What does a museum look like with no objects? A guided tour of our new galleries

If you’ve been to the National Museum of Scotland in recent months, you might have noticed that things look a little… different. Some of our galleries are closed, colourful hoardings mingle with display cases, and Dolly the Sheep is nowhere to be seen. Just what’s been going on?

Never fear, everything will soon return to normal. Over the last year, we’ve been getting ready to open ten brand new galleries this summer. These will showcase the very best of our collections in decorative art, design, fashion, science and technology, with more than 3,000 objects on display.

But right now, they’re empty… So taking advantage of the short gap between the end of restoration work and installing all those objects, I joined a behind-the-scenes tour with our project manager Drew.

First things first, the donning of the safety gear. I’d secretly been hoping for a hard hat and high-viz vest but instead had to make do with these rather fetching blue booties. Like our beautiful Grand Gallery, these new spaces were built in the Victorian era. The tiles and wood flooring are original features, so they need some careful attention before we open – and in the meantime, visitors need to cover their shoes.

Our tour started in Art of Living. Painted in a calming sea blue with an arching ceiling, it felt like the perfect space to discover some of the more opulent objects in the museum.

Our new Art of Living gallery
Our new Art of Living gallery

One of the stars of the show here will be our Hamilton Palace fireplace wall, built up again from hundreds of pieces of marble and wood by our dedicated conservation team. It’ll be joined by treasures and objets d’art spanning the 13th to the 19th centuries. [youtube]https://www.youtube.com/watch?v=NVFeiFu-CII[/youtube] From Art of Living, we made our way through to three more Art and Design galleries: Design for Living, Making and Creating, and Fashion and Style.

Three new gallery spaces for Fashion and Style, Making and Creating, and Design for Living
Three new gallery spaces for Fashion and Style, Making and Creating, and Design for Living.

Suddenly those blue slippers weren’t feeling so fashionable. A change of colour scheme too, a bright ochre yellow. Which my Bernat Klein Personal Colour Guide tells me will go quite nicely with a beautiful Zandra Rhodes coat, an exquisite 17th-century Mantua court dress, some quirky bear grease pots, Owen Jones’ 1856 design bible The Grammar of Ornament…  

Taking a break between filming with Owen Jones’ #design bible, The Grammar of Ornament (1856) #museumweek #secretsMW   A photo posted by Núria Ruiz (@publishingnuria) on

It’s not all dresses and palaces though; six of our new galleries are dedicated to Science and Technology. Head to the ground floor, stroll through original Victorian archways and you’ll find yourself in Explore, surrounded by aeroplanes, Dolly the Sheep and other science superstars like our ever-popular working models.


I loved the feel of Explore. It’s very similar to the Grand Gallery, with its gentle blue hues, towering columns and airy glasswork. I was longing to linger here amongst the Boulton & Watt Engine and the Black Knight rocket, I’ve no doubt visitors will too.
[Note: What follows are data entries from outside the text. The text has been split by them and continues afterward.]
(* Let $G=r_{\max}+2R$. The iterates $\theta_1,\dots,\theta_T$ of the MLMC-AdaGrad projected TD algorithm satisfy \[ \mathbb{E}\big[\|V_{\theta^*}-V_{\bar\theta_T}\|_M^2\big]\le\tilde{\mathcal{O}}\Big(\frac{GR\sqrt{\tau_{\mathrm{mix}}}}{(1-\gamma)\sqrt T}\Big),\qquad \bar\theta_T=\frac1T\sum_{t=1}^T\theta_t. \]
   Context: Consider a Markov reward process on a finite state space $\mathcal{S}$ with transition kernel $\mathcal{P}^\pi$, reward function $\mathcal{R}^\pi(s,s')\in[-r_{\max},r_{\max}]$ and discount $\gamma\in[0,1)$; its state chain is ergodic with unique stationary distribution $\mu$. Observed samples are triplets $z=(s,r,s')$ with $r=\mathcal{R}^\pi(s,s')$, $s'\sim\mathcal{P}^\pi(\cdot\mid s)$, forming a Markov chain $(z_k)_{k\ge1}$; $\tau_{\mathrm{mix}}$ is its mixing time: with $\|P-Q\|_{TV}=\sup_A|P(A)-Q(A)|$, $P^s(z,\cdot)$ the law of $z_{s+1}$ given $z_1=z$ and $d_{\mathrm{mix}}(s)=\sup_z\|P^s(z,\cdot)-\nu\|_{TV}$ ($\nu$ the stationary law), $\tau_{\mathrm{mix}}=\inf\{s:d_{\mathrm{mix}}(s)\le1/4\}$. Features $\phi:\mathcal{S}\to\mathbb{R}^d$ satisfy $\|\phi(s)\|\le1$; $V_\theta(s)=\phi(s)^\top\theta$; $M=\mathrm{diag}(\mu(s))_{s\in\mathcal{S}}$ and $\|V\|_M^2=\sum_s\mu(s)V(s)^2$. Semi-gradient: $g(\theta;z)=(r+\gamma\phi(s')^\top\theta-\phi(s)^\top\theta)\phi(s)$, and $\bar g(\theta)=\mathbb{E}_{s\sim\mu,\,s'\sim\mathcal{P}^\pi(\cdot|s)}[(\mathcal{R}^\pi(s,s')+\gamma\phi(s')^\top\theta-\phi(s)^\top\theta)\phi(s)]$. $\theta^*$ satisfies $\bar g(\theta^* )=0$, and $R>0$ satisfies $\|\theta^*\|\le R$; $\mathcal{K}=\{\theta:\|\theta\|\le R\}$. Algorithm (inputs $T$, $\theta_1\in\mathcal{K}$): for $t=1,\dots,T$: draw $J_t$ with $\mathbb{P}(J_t=j)=2^{-j}$, $j\ge1$, independently of the chain and previous draws; $N_t=2^{J_t}$; iteration $t$ uses the next $N_t$ samples $z_t^{(i)}=z_{S_{t-1}+i}$, $S_{t-1}=N_1+\dots+N_{t-1}$; $g_t^j=2^{-j}\sum_{i=1}^{2^j}g(\theta_t;z_t^{(i)})$ for $j\ge0$; $g_t=g_t^0+2^{J_t}(g_t^{J_t}-g_t^{J_t-1})$ if $2^{J_t}\le T$, else $g_t=g_t^0$; $\eta_t=\sqrt2R/\sqrt{\sum_{k=1}^t\|g_k\|^2}$; $\theta_{t+1}=\Pi_{\mathcal{K}}(\theta_t+\eta_tg_t)$ (Euclidean projection). The notation $\tilde{\mathcal{O}}(X)$ means a quantity bounded by $c\cdot X$ times a factor polylogarithmic in $T$ and $\tau_{\mathrm{mix}}$, with $c$ an absolute constant. *)

theory Defs
  imports "HOL-Probability.Probability"
begin

type_synonym sample = "nat \<times> real \<times> nat"  (* triplet z = (s, r, s') *)

primrec stepn :: "(nat \<Rightarrow> nat pmf) \<Rightarrow> nat \<Rightarrow> nat \<Rightarrow> nat pmf" where
  "stepn P 0 s = return_pmf s"
| "stepn P (Suc n) s = bind_pmf (stepn P n s) P"

definition irreducible_on :: "nat set \<Rightarrow> (nat \<Rightarrow> nat pmf) \<Rightarrow> bool" where
  "irreducible_on S P \<longleftrightarrow> (\<forall>s\<in>S. \<forall>t\<in>S. \<exists>n. t \<in> set_pmf (stepn P n s))"

definition aperiodic_on :: "nat set \<Rightarrow> (nat \<Rightarrow> nat pmf) \<Rightarrow> bool" where
  "aperiodic_on S P \<longleftrightarrow> (\<forall>s\<in>S. Gcd {n. 0 < n \<and> s \<in> set_pmf (stepn P n s)} = 1)"

definition ergodic_on :: "nat set \<Rightarrow> (nat \<Rightarrow> nat pmf) \<Rightarrow> bool" where
  "ergodic_on S P \<longleftrightarrow> irreducible_on S P \<and> aperiodic_on S P"

definition stationary_on :: "nat set \<Rightarrow> (nat \<Rightarrow> nat pmf) \<Rightarrow> nat pmf \<Rightarrow> bool" where
  "stationary_on S P \<mu> \<longleftrightarrow> set_pmf \<mu> \<subseteq> S \<and> bind_pmf \<mu> P = \<mu>"

definition zstep :: "(nat \<Rightarrow> nat pmf) \<Rightarrow> (nat \<Rightarrow> nat \<Rightarrow> real) \<Rightarrow> sample \<Rightarrow> sample pmf" where
  "zstep P Rw z = (case z of (s, r, s') \<Rightarrow> map_pmf (\<lambda>s''. (s', Rw s' s'', s'')) (P s'))"

primrec zstepn :: "(nat \<Rightarrow> nat pmf) \<Rightarrow> (nat \<Rightarrow> nat \<Rightarrow> real) \<Rightarrow> nat \<Rightarrow> sample \<Rightarrow> sample pmf" where
  "zstepn P Rw 0 z = return_pmf z"
| "zstepn P Rw (Suc n) z = bind_pmf (zstepn P Rw n z) (zstep P Rw)"

definition zstat :: "(nat \<Rightarrow> nat pmf) \<Rightarrow> (nat \<Rightarrow> nat \<Rightarrow> real) \<Rightarrow> nat pmf \<Rightarrow> sample pmf" where
  "zstat P Rw \<mu> = bind_pmf \<mu> (\<lambda>s. map_pmf (\<lambda>s'. (s, Rw s s', s')) (P s))"
lemma lookup_reduce_mult_basis_elem:
  assumes c: "c \<in> subalg_gen {var A2 :: 'k::field ncpoly}" and "j \<in> basis_idx" and "m \<le> 2"
  shows "lookup (reduce (c * basis_elem j)) (m, j')
    = (if j' = j then lookup c (Word (replicate m A2)) else 0)"
proof -
  have "c * basis_elem j = (\<Sum>w\<in>keys c. single (w + Word (basis_word j)) (lookup c w))"
    by (subst poly_mapping_sum_single)
      (simp add: basis_elem_single[OF \<open>j \<in> basis_idx\<close>] sum_distrib_right mult_single)
  also have "\<dots> = (\<Sum>w\<in>keys c. single (Word (letters w @ basis_word j)) (lookup c w))"
    by (metis letters.simps plus_word.simps letters.cases)
  finally have "lookup (reduce (c * basis_elem j)) (m, j')
      = (\<Sum>w\<in>keys c.
          lookup (reduce (single (Word (letters w @ basis_word j)) (lookup c w))) (m, j'))"
    by (simp add: reduce_sum lookup_sum)
  also have "\<dots> = (\<Sum>w\<in>keys c. if w = Word (replicate m A2) \<and> j' = j then lookup c w else 0)"
  proof (rule sum.cong)
    fix w assume "w \<in> keys c"
    then obtain l where w: "w = Word (replicate l A2)"
      using keys_subalg_gen_var[OF c] by blast
    show "lookup (reduce (single (Word (letters w @ basis_word j)) (lookup c w))) (m, j')
        = (if w = Word (replicate m A2) \<and> j' = j then lookup c w else 0)"
      using \<open>m \<le> 2\<close>
      by (auto simp: w reduce_A2_power_basis_word[OF \<open>j \<in> basis_idx\<close>] lookup_single)
  qed simp
  also have "\<dots> = (if j' = j then lookup c (Word (replicate m A2)) else 0)"
    by (auto simp: sum.delta in_keys_iff)
  finally show ?thesis .
qed

lemma basis_elem_independent:
  assumes "(2::'k::field) \<noteq> 0"
    and "finite F" "F \<subseteq> basis_idx" "\<forall>j\<in>F. c j \<in> subalg_gen {var A2 :: 'k ncpoly}"
    and "(\<Sum>j\<in>F. c j * basis_elem j) \<in> (I_rel :: 'k ncpoly set)"
    and "j' \<in> F"
  shows "c j' \<in> I_rel"
proof -
  have "lookup (c j') (Word (replicate m A2)) = 0" if "m < 3" for m
  proof -
    have "0 = lookup (reduce (\<Sum>j\<in>F. c j * basis_elem j)) (m, j')"
      using reduce_I_rel[OF assms(1,5)] by simp
    also have "\<dots> = (\<Sum>j\<in>F. lookup (reduce (c j * basis_elem j)) (m, j'))"
      by (simp add: reduce_sum lookup_sum del: basis_elem.simps)
    also have "\<dots> = (\<Sum>j\<in>F. if j' = j then lookup (c j) (Word (replicate m A2)) else 0)"
      by (intro sum.cong refl lookup_reduce_mult_basis_elem) (use assms(3,4) \<open>m < 3\<close> in auto)
    also have "\<dots> = lookup (c j') (Word (replicate m A2))"
      using assms(2,6) by simp
    finally show ?thesis by simp
  qed
  then show ?thesis
    unfolding I_rel_def
    using assms(4,6) keys_subalg_gen_var[of "c j'" A2]
    by (intro in_ideal_gen_if_powers_of_var_vanish_below[where d = 3]) auto
qed

section \<open>Spanning\<close>

lemma A2_cube_in_I_rel: "var A2 ^ 3 * X \<in> (I_rel :: 'k::ring_1 ncpoly set)"
  unfolding I_rel_def using ideal_gen.gen[of "var A2 ^ 3" _ 1 X] by simp

lemma A3_idempotent_mod_I_rel:
  "var A3 * (var A3 * X) - var A3 * X \<in> (I_rel :: 'k::ring_1 ncpoly set)"
  unfolding I_rel_def using ideal_gen.gen[of "var A3 ^ 2 - var A3" _ 1 X]
  by (simp add: power2_eq_square algebra_simps)

lemma third_relation_mod_I_rel:
  assumes "(2::'k::field) \<noteq> 0"
  shows "var A3 * (var A2 ^ 2 * (var A3 * X))
      - const (inverse 4) * ((var A3 * var A2) * (var A3 * var A2) * (var A3 * X))
    \<in> (I_rel :: 'k ncpoly set)"
proof -
  let ?g = "(var A3 * var A2) ^ 2 * var A3 - 4 * (var A3 * var A2 ^ 2 * var A3) :: 'k ncpoly"
  have "const (inverse 4) * (4 :: 'k ncpoly) = 1"
    using four_neq_zero[OF assms] by (simp add: const_mult flip: const_numeral)
  then have "- (const (inverse 4) * ?g * X) = var A3 * (var A2 ^ 2 * (var A3 * X))
      - const (inverse 4) * ((var A3 * var A2) * (var A3 * var A2) * (var A3 * X))"
    by (simp add: algebra_simps power2_eq_square flip: mult.assoc)
  moreover have "- (const (inverse 4) * ?g * X) \<in> I_rel"
    unfolding I_rel_def by (intro ideal_gen_uminus ideal_gen.gen) simp
  ultimately show ?thesis by simp
qed

lemma basis_elem_Suc: "basis_elem (k, Suc n) = var A3 * var A2 * basis_elem (k, n)"
  by (simp add: mult.assoc)

lemma basis_elem_starts_with_A3:
  assumes "j \<in> basis_idx" and "j \<noteq> (0, 0)"
  obtains X where "basis_elem j = var A3 * X"
proof -
  obtain k n where j: "j = (k, n)" by fastforce
  consider m where "n = Suc m" | "k = 1" "n = 0"
    using assms by (cases n) (auto simp: j basis_idx_def)
  then show ?thesis
  proof cases
    case 1
    then show ?thesis using that[of "var A2 * basis_elem (k, m)"] by (simp add: j mult.assoc)
  next
    case 2
    then show ?thesis using that[of 1] by (simp add: j)
  qed
qed

lemma A2_mult_state_rep_mod_I_rel:
  assumes "i \<le> 2"
  shows "var A2 * state_rep (i, k, n)
      - const (step_coeff A2 (i, k, n)) * state_rep (step_state A2 (i, k, n))
    \<in> (I_rel :: 'k::field ncpoly set)"
  using assms A2_cube_in_I_rel[of "basis_elem (k, n)"] ideal_gen.zero
  by (auto simp: I_rel_def state_rep_def const_def mult.assoc numeral_3_eq_3 numeral_2_eq_2
      simp del: basis_elem.simps)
Admiring the new Science and Technology galleries
Admiring the new Science and Technology galleries

But science was calling my name and there were still five new spaces to explore: Making It, Enquire, Energise, Communicate and Technology by Design. Spiralling out and above Explore, these new galleries will show off the very best of our science collections.

Spend a day here and you’ll learn about manufacturing, energy, engineering and design, information and communications technology, and the very nature of scientific enquiry. They’re not in the galleries yet, but I recommend science buffs look out for our 3D printer (currently in use by our Natural Sciences department to catalogue fossil finds) and the melancholy Pilcher’s Hawk, perhaps one of the most poignant stories in our collections.

Our curators and conservators are already installing more than 3,000 objects into these galleries, so they won’t be empty for long. And it won’t be long before you can see them for yourself either! Our new galleries open to the public this summer.